Ricardo's answer is that it will depend on the conditions of production in corn (abstracting, remember), and the wage rate.

you have a hundred workers, and your wage rate is .008 corn bushels/worker

you will need .8 bushels of corn in advance, of course.

you will employ these .8 bushels in the course of production

your output for these hundred workers is 1 bushel of corn (remember, your output must be greater than your cost, for this to make sense)

the profit is .2 bushels of corn.

your profit rate (profit divided by capital) is 25%

here it's very clear, then, that the profit rate is dependent on the level of technology and the wage rate. he's solved the first problem in Adam Smith, which is the question of the determination of the profit rate.

we have more.

what happens if I was to raise the wage rate, to .009? profit goes down, as does your profit rate.
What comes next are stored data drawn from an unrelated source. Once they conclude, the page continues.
text \<open>With \<open>\<rho> = (r + \<delta>) / \<delta>\<close>, any tensor whose cost is below \<open>r + \<delta>\<close> has weight below \<open>r + \<delta>\<close>
  and error below \<open>\<delta>\<close>.\<close>

lemma approx_dual_local_approximation:
  fixes \<phi> :: "('e::real_normed_vector \<Rightarrow>\<^sub>L 'x::real_normed_vector) \<Rightarrow> real"
  assumes \<phi>: "\<phi> \<in> approx_dual" and F: "finite F" "F \<subseteq> approximable" and \<delta>: "\<delta> > 0"
  obtains c where "pt_rep c" "pt_weight c \<le> dual_norm \<phi> + \<delta>"
    "\<And>T. T \<in> F \<Longrightarrow> \<bar>pt_apply c T - \<phi> T\<bar> \<le> \<delta>"
proof -
  define r where "r = dual_norm \<phi>"
  define \<rho> where "\<rho> = (r + \<delta>) / \<delta>"
  have \<rho>: "\<rho> > 0" using dual_norm_nonneg[OF \<phi>] \<delta> by (simp add: \<rho>_def r_def)
  have "local_gauge F \<rho> \<phi> < r + \<delta>"
    using local_gauge_approx_dual_le[OF \<phi> F less_imp_le[OF \<rho>]] \<delta> by (simp add: r_def)
  then have "\<exists>c. pt_rep c \<and> pt_weight c + \<rho> * approx_error F \<phi> c < r + \<delta>"
    using local_gauge_greatest[OF less_imp_le[OF \<rho>], where F = F and y = "r + \<delta>" and z = \<phi>]
    by (meson not_le)
  then obtain c where c: "pt_rep c" and cost: "pt_weight c + \<rho> * approx_error F \<phi> c < r + \<delta>"
    by blast
  have "\<rho> * \<delta> = r + \<delta>" using \<delta> by (simp add: \<rho>_def)
  then have "\<rho> * approx_error F \<phi> c < \<rho> * \<delta>" using cost pt_weight_nonneg[of c] by linarith
  then have err: "approx_error F \<phi> c < \<delta>" using \<rho> by simp
  show ?thesis
  proof (rule that[OF c])
    have "\<rho> * approx_error F \<phi> c \<ge> 0" using \<rho> approx_error_nonneg[of F \<phi> c] by simp
    then show "pt_weight c \<le> dual_norm \<phi> + \<delta>" using cost by (simp add: r_def)
    show "\<bar>pt_apply c T - \<phi> T\<bar> \<le> \<delta>" if "T \<in> F" for T
    proof -
      have "\<bar>\<phi> T - pt_apply c T\<bar> \<le> approx_error F \<phi> c"
        unfolding approx_error_def using F(1) that by (intro member_le_sum) auto
      then show ?thesis using err abs_minus_commute[of "pt_apply c T" "\<phi> T"] by linarith
    qed
  qed
qed
(* The map $\phi_s : \mathbf{ASM} \to \mathbb{K}(q)$ linearly defined, for any $s \in \{\operatorname{io}, \operatorname{oi}\}$ and any ASM $\delta$ of size $n$ by $\phi_s(\mathbf{F}_{M^\delta}) := \frac{q^{s(\delta)}}{n!}$ is an algebra morphism.
   Context: Let $\mathbb{K}$ be a field of characteristic zero. An alternating sign matrix (ASM) of size $n$ is an $n\times n$ matrix with entries in $\{0,+,-\}$ such that every row and column starts and ends (ignoring zeros) with $+$ and in each row and column the $+$ and $-$ alternate. For an ASM $\delta$, $M^\delta$ is the $\{0,1\}$-matrix with $M^\delta_{ij}=1$ iff $\delta_{ij}\ne 0$. $\mathbf{PM}_1$ is the Hopf algebra with basis $(\mathbf{F}_M)$ indexed by $\{0,1\}$-square matrices with no null row or column, with product $\mathbf{F}_{M_1}\cdot\mathbf{F}_{M_2} = \sum \mathbf{F}_M$ over all $M$ obtained by shuffling the columns of $M_1$ (with an $n_2\times n_1$ zero block placed below) with the columns of $M_2$ (with an $n_1 \times n_2$ zero block placed above), $n_i$ the sizes. $\mathbf{ASM}$ is the Hopf subalgebra of $\mathbf{PM}_1$ spanned by the $\mathbf{F}_{M^\delta}$, graded by the size of $\delta$. Via the bijection between ASMs and six-vertex configurations with domain wall boundary conditions, a $+$ entry corresponds to a vertex of type $\operatorname{oi}$ and a $-$ entry to a vertex of type $\operatorname{io}$; thus $\operatorname{oi}(\delta)$ is the number of $+$ entries of $\delta$ and $\operatorname{io}(\delta)$ is the number of $-$ entries of $\delta$. *)

theory Defs
  imports Main "HOL-Computational_Algebra.Polynomial" "HOL-Computational_Algebra.Fraction_Field"
begin

text \<open>Square matrices are pairs (size n, entry function); entries outside [0,n)x[0,n) are 0/False.\<close>

type_synonym pmat = "nat \<times> (nat \<Rightarrow> nat \<Rightarrow> bool)"
type_synonym sgnmat = "nat \<times> (nat \<Rightarrow> nat \<Rightarrow> int)"   \<comment> \<open>{0,+,-}-matrices, + = 1, - = -1\<close>

definition alternating_pm :: "int list \<Rightarrow> bool" where
  "alternating_pm xs \<longleftrightarrow> odd (length xs) \<and> (\<forall>k<length xs. xs ! k = (-1) ^ k)"

definition row_nonzeros :: "sgnmat \<Rightarrow> nat \<Rightarrow> int list" where
  "row_nonzeros \<delta> i = filter (\<lambda>x. x \<noteq> 0) (map (\<lambda>j. snd \<delta> i j) [0..<fst \<delta>])"

definition col_nonzeros :: "sgnmat \<Rightarrow> nat \<Rightarrow> int list" where
  "col_nonzeros \<delta> j = filter (\<lambda>x. x \<noteq> 0) (map (\<lambda>i. snd \<delta> i j) [0..<fst \<delta>])"

definition is_asm :: "sgnmat \<Rightarrow> bool" where
  "is_asm \<delta> \<longleftrightarrow>
     (\<forall>i j. snd \<delta> i j \<in> {-1, 0, 1}) \<and>
     (\<forall>i j. (fst \<delta> \<le> i \<or> fst \<delta> \<le> j) \<longrightarrow> snd \<delta> i j = 0) \<and>
     (\<forall>i<fst \<delta>. alternating_pm (row_nonzeros \<delta> i)) \<and>
     (\<forall>j<fst \<delta>. alternating_pm (col_nonzeros \<delta> j))"

definition Mof :: "sgnmat \<Rightarrow> pmat" where
  "Mof \<delta> = (fst \<delta>, \<lambda>i j. snd \<delta> i j \<noteq> 0)"

definition oi :: "sgnmat \<Rightarrow> nat" where
  "oi \<delta> = card {(i, j). i < fst \<delta> \<and> j < fst \<delta> \<and> snd \<delta> i j = 1}"

definition io :: "sgnmat \<Rightarrow> nat" where
  "io \<delta> = card {(i, j). i < fst \<delta> \<and> j < fst \<delta> \<and> snd \<delta> i j = -1}"

text \<open>Column shuffle of M1 (size n1, with zero block below) and M2 (size n2, with zero
  block above): S is the set of column positions receiving the columns of M1 (in order).\<close>
definition shuffle_cols :: "pmat \<Rightarrow> pmat \<Rightarrow> nat set \<Rightarrow> pmat" where
  "shuffle_cols A B S =
     (let n1 = fst A; n2 = fst B; N = n1 + n2 in
      (N, \<lambda>i c. i < N \<and> c < N \<and>
         (if c \<in> S then i < n1 \<and> snd A i (card {x\<in>S. x < c})
          else n1 \<le> i \<and> snd B (i - n1) (card {x\<in>{..<N} - S. x < c}))))"

text \<open>Product of basis elements F_A . F_B of PM_1, as a multiset of basis matrices.\<close>
definition pm_prod :: "pmat \<Rightarrow> pmat \<Rightarrow> pmat multiset" where
  "pm_prod A B = image_mset (shuffle_cols A B)
      (mset_set {S. S \<subseteq> {..<fst A + fst B} \<and> card S = fst A})"

text \<open>Elements of PM_1 over K: finitely supported coefficient functions on matrices.\<close>
definition supp :: "(pmat \<Rightarrow> 'a::zero) \<Rightarrow> pmat set" where
  "supp x = {M. x M \<noteq> 0}"
lemma teq2_sum_list_right: "teq2 s1 s2 [(x, sum_list (map f L))] (map (\<lambda>l. (x, f l)) L)"
proof (induction L)
  case Nil then show ?case by (simp add: teq2_zero_right)
next
  case (Cons a L)
  have "teq2 s1 s2 [(x, f a + sum_list (map f L))] ([(x, f a)] @ [(x, sum_list (map f L))])"
    using teq2_add_right by simp
  also have "teq2 s1 s2 \<dots> ([(x, f a)] @ map (\<lambda>l. (x, f l)) L)"
    by (rule teq2_append[OF teq2_refl Cons.IH])
  finally show ?case by simp
qed

abbreviation scl :: "('k \<Rightarrow> 'x \<Rightarrow> 'x) \<Rightarrow> 'k \<Rightarrow> ('x \<times> 'y) list \<Rightarrow> ('x \<times> 'y) list" where
  "scl s c xs \<equiv> map (\<lambda>(a, b). (s c a, b)) xs"

lemma kspan_formal_scl: "(\<lambda>q. formal (scl s1 c L) q - c * formal L q) \<in> kspan (rel2 s1 s2)"
proof (induction L)
  case Nil then show ?case by (simp add: formal_Nil kspan_zero)
next
  case (Cons p L)
  obtain a b where p: "p = (a, b)" by force
  show ?case
    by (rule kspan_cong[OF kspan_add[OF kspan_base[OF rel2_scal_left[of s1 c a b s2]] Cons.IH]])
       (simp add: p formal_Cons algebra_simps)
qed

lemma teq2_concat_map_balanced:
  fixes \<Phi> :: "'x::ab_group_add \<Rightarrow> 'y::ab_group_add \<Rightarrow> ('u::ab_group_add \<times> 'v::ab_group_add) list"
    and s1 :: "'k::comm_ring_1 \<Rightarrow> 'x \<Rightarrow> 'x"
  assumes h: "teq2 s1 s2 xs ys"
    and a1: "\<And>x x' y. teq2 t1 t2 (\<Phi> (x + x') y) (\<Phi> x y @ \<Phi> x' y)"
    and a2: "\<And>x y y'. teq2 t1 t2 (\<Phi> x (y + y')) (\<Phi> x y @ \<Phi> x y')"
    and a3: "\<And>c x y. teq2 t1 t2 (\<Phi> (s1 c x) y) (scl t1 c (\<Phi> x y))"
    and a4: "\<And>c x y. teq2 t1 t2 (\<Phi> x (s2 c y)) (scl t1 c (\<Phi> x y))"
  shows "teq2 t1 t2 (concat (map (\<lambda>(a, b). \<Phi> a b) xs)) (concat (map (\<lambda>(a, b). \<Phi> a b) ys))"
proof -
  let ?e = "\<lambda>p. formal (case p of (a, b) \<Rightarrow> \<Phi> a b) :: 'u \<times> 'v \<Rightarrow> 'k"
  let ?K = "kspan (rel2 t1 t2)"
  have c1: "\<And>x x' y. ?e (x + x', y) - (?e (x, y) + ?e (x', y)) \<in> ?K"
    using a1 unfolding teq2_def by (simp add: formal_append plus_fun_def fun_diff_def)
  have c2: "\<And>x y y'. ?e (x, y + y') - (?e (x, y) + ?e (x, y')) \<in> ?K"
    using a2 unfolding teq2_def by (simp add: formal_append plus_fun_def fun_diff_def)
  have c3: "?e (s1 c x, y) - scal_fun c (?e (x, y)) \<in> ?K" for c x y
    using kspan_add[OF a3[where c = c and x = x and y = y, unfolded teq2_def] kspan_formal_scl[of t1 c "\<Phi> x y" t2]]
    by (elim kspan_cong) (simp add: scal_fun_def fun_diff_def)
  have c4: "?e (x, s2 c y) - scal_fun c (?e (x, y)) \<in> ?K" for c x y
    using kspan_add[OF a4[where c = c and x = x and y = y, unfolded teq2_def] kspan_formal_scl[of t1 c "\<Phi> x y" t2]]
    by (elim kspan_cong) (simp add: scal_fun_def fun_diff_def)
  have "sum_list (map ?e xs) - sum_list (map ?e ys) \<in> ?K"
    by (rule kspan_sum_list_diff_mem[OF kmod_scal_fun ksubmod_kspan
          rel2_eval_mem[OF kmod_scal_fun c1 c2 c3 c4] h[unfolded teq2_def]])
  then show ?thesis unfolding teq2_def formal_concat by (simp add: fun_diff_def)
qed

lemma teq3_concat_map_balanced:
  fixes \<Phi> :: "'x::ab_group_add \<Rightarrow> 'y::ab_group_add \<Rightarrow> 'w::ab_group_add \<Rightarrow> ('u::ab_group_add \<times> 'v::ab_group_add) list"
    and s1 :: "'k::comm_ring_1 \<Rightarrow> 'x \<Rightarrow> 'x"
  assumes h: "teq3 s1 s2 s3 xs ys"
    and a1: "\<And>x x' y z. teq2 t1 t2 (\<Phi> (x + x') y z) (\<Phi> x y z @ \<Phi> x' y z)"
    and a2: "\<And>x y y' z. teq2 t1 t2 (\<Phi> x (y + y') z) (\<Phi> x y z @ \<Phi> x y' z)"
    and a3: "\<And>x y z z'. teq2 t1 t2 (\<Phi> x y (z + z')) (\<Phi> x y z @ \<Phi> x y z')"
    and a4: "\<And>c x y z. teq2 t1 t2 (\<Phi> (s1 c x) y z) (scl t1 c (\<Phi> x y z))"
    and a5: "\<And>c x y z. teq2 t1 t2 (\<Phi> x (s2 c y) z) (scl t1 c (\<Phi> x y z))"
    and a6: "\<And>c x y z. teq2 t1 t2 (\<Phi> x y (s3 c z)) (scl t1 c (\<Phi> x y z))"
  shows "teq2 t1 t2 (concat (map (\<lambda>(a, b, c). \<Phi> a b c) xs)) (concat (map (\<lambda>(a, b, c). \<Phi> a b c) ys))"
proof -
  let ?e = "\<lambda>p. formal (case p of (a, b, c) \<Rightarrow> \<Phi> a b c) :: 'u \<times> 'v \<Rightarrow> 'k"
  let ?K = "kspan (rel2 t1 t2)"
  have c1: "\<And>x x' y z. ?e (x + x', y, z) - (?e (x, y, z) + ?e (x', y, z)) \<in> ?K"
    using a1 unfolding teq2_def by (simp add: formal_append plus_fun_def fun_diff_def)
  have c2: "\<And>x y y' z. ?e (x, y + y', z) - (?e (x, y, z) + ?e (x, y', z)) \<in> ?K"
    using a2 unfolding teq2_def by (simp add: formal_append plus_fun_def fun_diff_def)
  have c3: "\<And>x y z z'. ?e (x, y, z + z') - (?e (x, y, z) + ?e (x, y, z')) \<in> ?K"
    using a3 unfolding teq2_def by (simp add: formal_append plus_fun_def fun_diff_def)
  have c4: "?e (s1 c x, y, z) - scal_fun c (?e (x, y, z)) \<in> ?K" for c x y z
    using kspan_add[OF a4[where c = c and x = x and y = y and z = z, unfolded teq2_def]
        kspan_formal_scl[of t1 c "\<Phi> x y z" t2]]
    by (elim kspan_cong) (simp add: scal_fun_def fun_diff_def)
  have c5: "?e (x, s2 c y, z) - scal_fun c (?e (x, y, z)) \<in> ?K" for c x y z
    using kspan_add[OF a5[where c = c and x = x and y = y and z = z, unfolded teq2_def]
        kspan_formal_scl[of t1 c "\<Phi> x y z" t2]]
    by (elim kspan_cong) (simp add: scal_fun_def fun_diff_def)
  have c6: "?e (x, y, s3 c z) - scal_fun c (?e (x, y, z)) \<in> ?K" for c x y z
    using kspan_add[OF a6[where c = c and x = x and y = y and z = z, unfolded teq2_def]
        kspan_formal_scl[of t1 c "\<Phi> x y z" t2]]
    by (elim kspan_cong) (simp add: scal_fun_def fun_diff_def)
  have "sum_list (map ?e xs) - sum_list (map ?e ys) \<in> ?K"
    by (rule kspan_sum_list_diff_mem[OF kmod_scal_fun ksubmod_kspan
          rel3_eval_mem[OF kmod_scal_fun c1 c2 c3 c4 c5 c6] h[unfolded teq3_def]])
  then show ?thesis unfolding teq2_def formal_concat by (simp add: fun_diff_def)
qed

lemma teq2_sum_list_eq:
  fixes f :: "'x::ab_group_add \<Rightarrow> 'y::ab_group_add \<Rightarrow> 'z::ab_group_add"
    and s1 :: "'k::comm_ring_1 \<Rightarrow> 'x \<Rightarrow> 'x"
  assumes km: "kmod sZ" and h: "teq2 s1 s2 xs ys"
    and l1: "\<And>y. klin s1 sZ (\<lambda>x. f x y)" and l2: "\<And>x. klin s2 sZ (f x)"
  shows "sum_list (map (\<lambda>(a, b). f a b) xs) = sum_list (map (\<lambda>(a, b). f a b) ys)"
proof -
  let ?e = "\<lambda>p. case p of (a, b) \<Rightarrow> f a b"
  have "sum_list (map ?e xs) - sum_list (map ?e ys) \<in> {0}"
    by (rule kspan_sum_list_diff_mem[OF km ksubmod_zero[OF km] rel2_eval_mem[OF km] h[unfolded teq2_def]])
       (simp_all add: klin_add[OF l1] klin_add[OF l2] klin_scal[OF l1] klin_scal[OF l2])
  then show ?thesis by simp
qed

lemma teq3_sum_list_eq:
  fixes f :: "'x::ab_group_add \<Rightarrow> 'y::ab_group_add \<Rightarrow> 'w::ab_group_add \<Rightarrow> 'z::ab_group_add"
    and s1 :: "'k::comm_ring_1 \<Rightarrow> 'x \<Rightarrow> 'x"
  assumes km: "kmod sZ" and h: "teq3 s1 s2 s3 xs ys"
    and l1: "\<And>y z. klin s1 sZ (\<lambda>x. f x y z)" and l2: "\<And>x z. klin s2 sZ (\<lambda>y. f x y z)"
    and l3: "\<And>x y. klin s3 sZ (f x y)"
  shows "sum_list (map (\<lambda>(a, b, c). f a b c) xs) = sum_list (map (\<lambda>(a, b, c). f a b c) ys)"
proof -
  let ?e = "\<lambda>p. case p of (a, b, c) \<Rightarrow> f a b c"
  have "sum_list (map ?e xs) - sum_list (map ?e ys) \<in> {0}"
    by (rule kspan_sum_list_diff_mem[OF km ksubmod_zero[OF km] rel3_eval_mem[OF km] h[unfolded teq3_def]])
       (simp_all add: klin_add[OF l1] klin_add[OF l2] klin_add[OF l3]
         klin_scal[OF l1] klin_scal[OF l2] klin_scal[OF l3])
  then show ?thesis by simp
qed

lemma teq2_scl:
  assumes km: "kmod s1" and h: "teq2 s1 s2 xs ys"
  shows "teq2 s1 s2 (scl s1 c xs) (scl s1 c ys)"
proof -
  have "teq2 s1 s2 (concat (map (\<lambda>(a, b). [(s1 c a, b)]) xs)) (concat (map (\<lambda>(a, b). [(s1 c a, b)]) ys))"
  proof (rule teq2_concat_map_balanced[OF h])
    fix d x y
    have "teq2 s1 s2 [(s1 c x, s2 d y)] [(s1 d (s1 c x), y)]" by (rule teq2_scal_right_left)
    then show "teq2 s1 s2 [(s1 c x, s2 d y)] (scl s1 d [(s1 c x, y)])" by simp
  qed (simp_all add: kmod_add[OF km] kmod_comp[OF km] mult.commute teq2_add_left teq2_add_right teq2_refl)
  then show ?thesis by (simp add: case_prod_unfold map_concat[symmetric])
qed

lemma tmul_Nil [simp]: "tmul [] ys = []" by (simp add: tmul_def)

lemma tmul_Cons: "tmul (p # xs) ys = map (\<lambda>(c, d). (fst p * c, snd p * d)) ys @ tmul xs ys"
  by (cases p) (simp add: tmul_def case_prod_beta)

lemma tmul_append_left: "tmul (xs @ xs') ys = tmul xs ys @ tmul xs' ys"
  by (induction xs) (simp_all add: tmul_Cons)

lemma tmul_concat_left: "tmul (concat xss) ys = concat (map (\<lambda>xs. tmul xs ys) xss)"
  by (induction xss) (simp_all add: tmul_append_left)

lemma tmul_single_left: "tmul [(a, b)] ys = map (\<lambda>(c, d). (a * c, b * d)) ys"
  by (simp add: tmul_Cons)

lemma tmul_Nil_right [simp]: "tmul xs [] = []"
  by (induction xs) (simp_all add: tmul_Cons)

lemma tmul_single_right: "tmul xs [(c, d)] = map (\<lambda>(a, b). (a * c, b * d)) xs"
  by (induction xs) (auto simp: tmul_Cons)

lemma mset_tmul_append_right: "mset (tmul xs (ys @ zs)) = mset (tmul xs ys @ tmul xs zs)"
  by (induction xs) (auto simp: tmul_Cons)

lemma mset_tmul_concat_right: "mset (tmul xs (concat yss)) = mset (concat (map (\<lambda>ys. tmul xs ys) yss))"
  by (induction yss) (simp_all add: mset_tmul_append_right)

lemma teq2_tmul_append_right: "teq2 s1 s2 (tmul xs (ys @ zs)) (tmul xs ys @ tmul xs zs)"
  by (rule teq2_mset[OF mset_tmul_append_right])

lemma teq2_tmul_concat_right: "teq2 s1 s2 (tmul xs (concat yss)) (concat (map (\<lambda>ys. tmul xs ys) yss))"
  by (rule teq2_mset[OF mset_tmul_concat_right])

lemma tmul_assoc: "tmul (tmul xs ys) zs = tmul xs (tmul ys zs)"
  for xs :: "('a::ring_1 \<times> 'b::ring_1) list"
proof -
  have tmul_map: "tmul (map (\<lambda>(c, d). (a * c, b * d)) ys) zs = map (\<lambda>(c, d). (a * c, b * d)) (tmul ys zs)"
    for a :: 'a and b :: 'b and ys
    by (induction ys) (auto simp: tmul_Cons mult.assoc)
  show ?thesis by (induction xs) (auto simp: tmul_Cons tmul_append_left tmul_map case_prod_beta)
qed

lemma tmul_scl_left: "kalg s1 \<Longrightarrow> tmul (scl s1 c xs) ys = scl s1 c (tmul xs ys)"
  by (induction xs) (auto simp: tmul_Cons kalg_mult_left)

lemma tmul_scl_right: "kalg s1 \<Longrightarrow> tmul xs (scl s1 c ys) = scl s1 c (tmul xs ys)"
  by (induction xs) (auto simp: tmul_Cons kalg_mult_right)

lemma teq2_concat_map_pairwise:
  assumes h: "teq2 s1 s2 xs ys"
    and f_add: "\<And>x x' c. f (x + x') c = f x c + f x' c" and f_scal: "\<And>k x c. f (s1 k x) c = s1 k (f x c)"
    and g_add: "\<And>y y' d. g (y + y') d = g y d + g y' d" and g_scal: "\<And>k y d. g (s2 k y) d = s2 k (g y d)"
  shows "teq2 s1 s2 (concat (map (\<lambda>(a, b). map (\<lambda>(c, d). (f a c, g b d)) L) xs))
    (concat (map (\<lambda>(a, b). map (\<lambda>(c, d). (f a c, g b d)) L) ys))"
proof (rule teq2_concat_map_balanced[OF h])
  fix x x' y
  show "teq2 s1 s2 (map (\<lambda>(c, d). (f (x + x') c, g y d)) L)
      (map (\<lambda>(c, d). (f x c, g y d)) L @ map (\<lambda>(c, d). (f x' c, g y d)) L)"
    by (rule teq2_map_split) (auto simp: f_add teq2_add_left)
next
  fix x y y'
  show "teq2 s1 s2 (map (\<lambda>(c, d). (f x c, g (y + y') d)) L)
      (map (\<lambda>(c, d). (f x c, g y d)) L @ map (\<lambda>(c, d). (f x c, g y' d)) L)"
    by (rule teq2_map_split) (auto simp: g_add teq2_add_right)
next
  fix k x y
  show "teq2 s1 s2 (map (\<lambda>(c, d). (f (s1 k x) c, g y d)) L) (scl s1 k (map (\<lambda>(c, d). (f x c, g y d)) L))"
    by (simp add: f_scal comp_def case_prod_unfold teq2_refl)
next
  fix k x y
  show "teq2 s1 s2 (map (\<lambda>(c, d). (f x c, g (s2 k y) d)) L) (scl s1 k (map (\<lambda>(c, d). (f x c, g y d)) L))"
    unfolding map_map by (rule teq2_map) (auto simp: g_scal teq2_scal_right_left)
qed

lemma teq2_tmul_left:
  fixes xs :: "('a::ring_1 \<times> 'b::ring_1) list"
  assumes a1: "kalg s1" and a2: "kalg s2" and h: "teq2 s1 s2 xs xs'"
  shows "teq2 s1 s2 (tmul xs ys) (tmul xs' ys)"
proof -
  have "\<And>zs. tmul zs ys = concat (map (\<lambda>(a, b). map (\<lambda>(c, d). (a * c, b * d)) ys) zs)"
    by (induct_tac zs) (auto simp: tmul_Cons case_prod_beta)
  moreover have "teq2 s1 s2 (concat (map (\<lambda>(a, b). map (\<lambda>(c, d). (a * c, b * d)) ys) xs))
      (concat (map (\<lambda>(a, b). map (\<lambda>(c, d). (a * c, b * d)) ys) xs'))"
    by (rule teq2_concat_map_pairwise[where f = "(*)" and g = "(*)", OF h])
       (simp_all add: distrib_right kalg_mult_left[OF a1] kalg_mult_left[OF a2])
  ultimately show ?thesis by simp
qed
lemma measurable_excess: "k \<in> K \<Longrightarrow> excess k \<in> borel_measurable (Pn P n)"
  unfolding excess_def[abs_def]
  using measurable_Wn_Ghat measurable_Welfare_Ghat Ctil_meas[THEN conjunct1, THEN measurable_sample]
  by (intro borel_measurable_diff) auto

lemma measurable_excess_term:
  "(\<lambda>s. if k \<in> K then ennreal (max (excess k s) 0) else 0) \<in> borel_measurable (Pn P n)"
  using measurable_excess by (cases "k \<in> K") auto

lemma measurable_excess_sum: "excess_sum \<in> borel_measurable (Pn P n)"
  unfolding excess_sum_def[abs_def] by (rule borel_measurable_suminf_order measurable_excess_term)+

lemma excess_le_excess_sum:
  assumes k: "k \<in> K" and fin: "excess_sum s < \<top>"
  shows "excess k s \<le> enn2real (excess_sum s)"
proof -
  let ?f = "\<lambda>j. if j \<in> K then ennreal (max (excess j s) 0) else 0"
  have "(\<Sum>j\<in>{k}. ?f j) \<le> (\<Sum>j. ?f j)"
    by (rule sum_le_suminf[OF summableI]) auto
  then have "ennreal (max (excess k s) 0) \<le> excess_sum s"
    using k by (simp add: excess_sum_def)
  then have "enn2real (ennreal (max (excess k s) 0)) \<le> enn2real (excess_sum s)"
    by (rule enn2real_mono) (use fin in simp)
  moreover have "enn2real (ennreal (max (excess k s) 0)) = max (excess k s) 0"
    by (rule enn2real_ennreal) simp
  ultimately show ?thesis by linarith
qed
So Ricardo establishes the antagonistic relationship between wages and the profit rate.

economists will say, “but the economy is not one sector?”

Sraffa's reply was simple. think of this model as an average sector, which becomes the center of gravity of a complex economy (any given wage in that sector will give you the profit rate). this sector will have the property that outputs and inputs will be made of the substance.

so we have an argument not just about a single sector, but about a general sector (Marx has a concept of the “standard industry,” which he doesn't develop).

the second question relates to the issue of relative prices. when we have acknowledged that capital-labor ratios are not equal, how do differences in the capital-labor ratios affect relative prices? (see spreadsheet—the difference between the capital-labor ratios is 'muted' in the difference in relative prices)

to look at the effects of differences in the wage rates, you increase the wage rate in the corn sector (which raises the prices). But you will see that this doesn't greatly affect relative prices.

having done this reasonsing and analysis, Ricardo's hypothesis is that relative prices are not very sensitive to distributions in the changes of income. the dominant determinant is the capital-labor ratio, and the secondary element is the distributions of income.

(NB: the natural price is not necessarily the price you will get on the market, remember—you have to fight for the natural price)

Ricardo couldn't run this whole thing empirically, because he didn't have any information on direct and indirect labor time. We, however, have input/output tables, which were started by the Soviets, but are now published regularly.

the main point of all of this is that the center of gravity is set, structurally. the second row in Shaikh's table (Price of Production vs. Market Price) would suggest that supply/demand, taxes, monopoly, etc. can only explain 8.2% of the deviation from Mkt Price.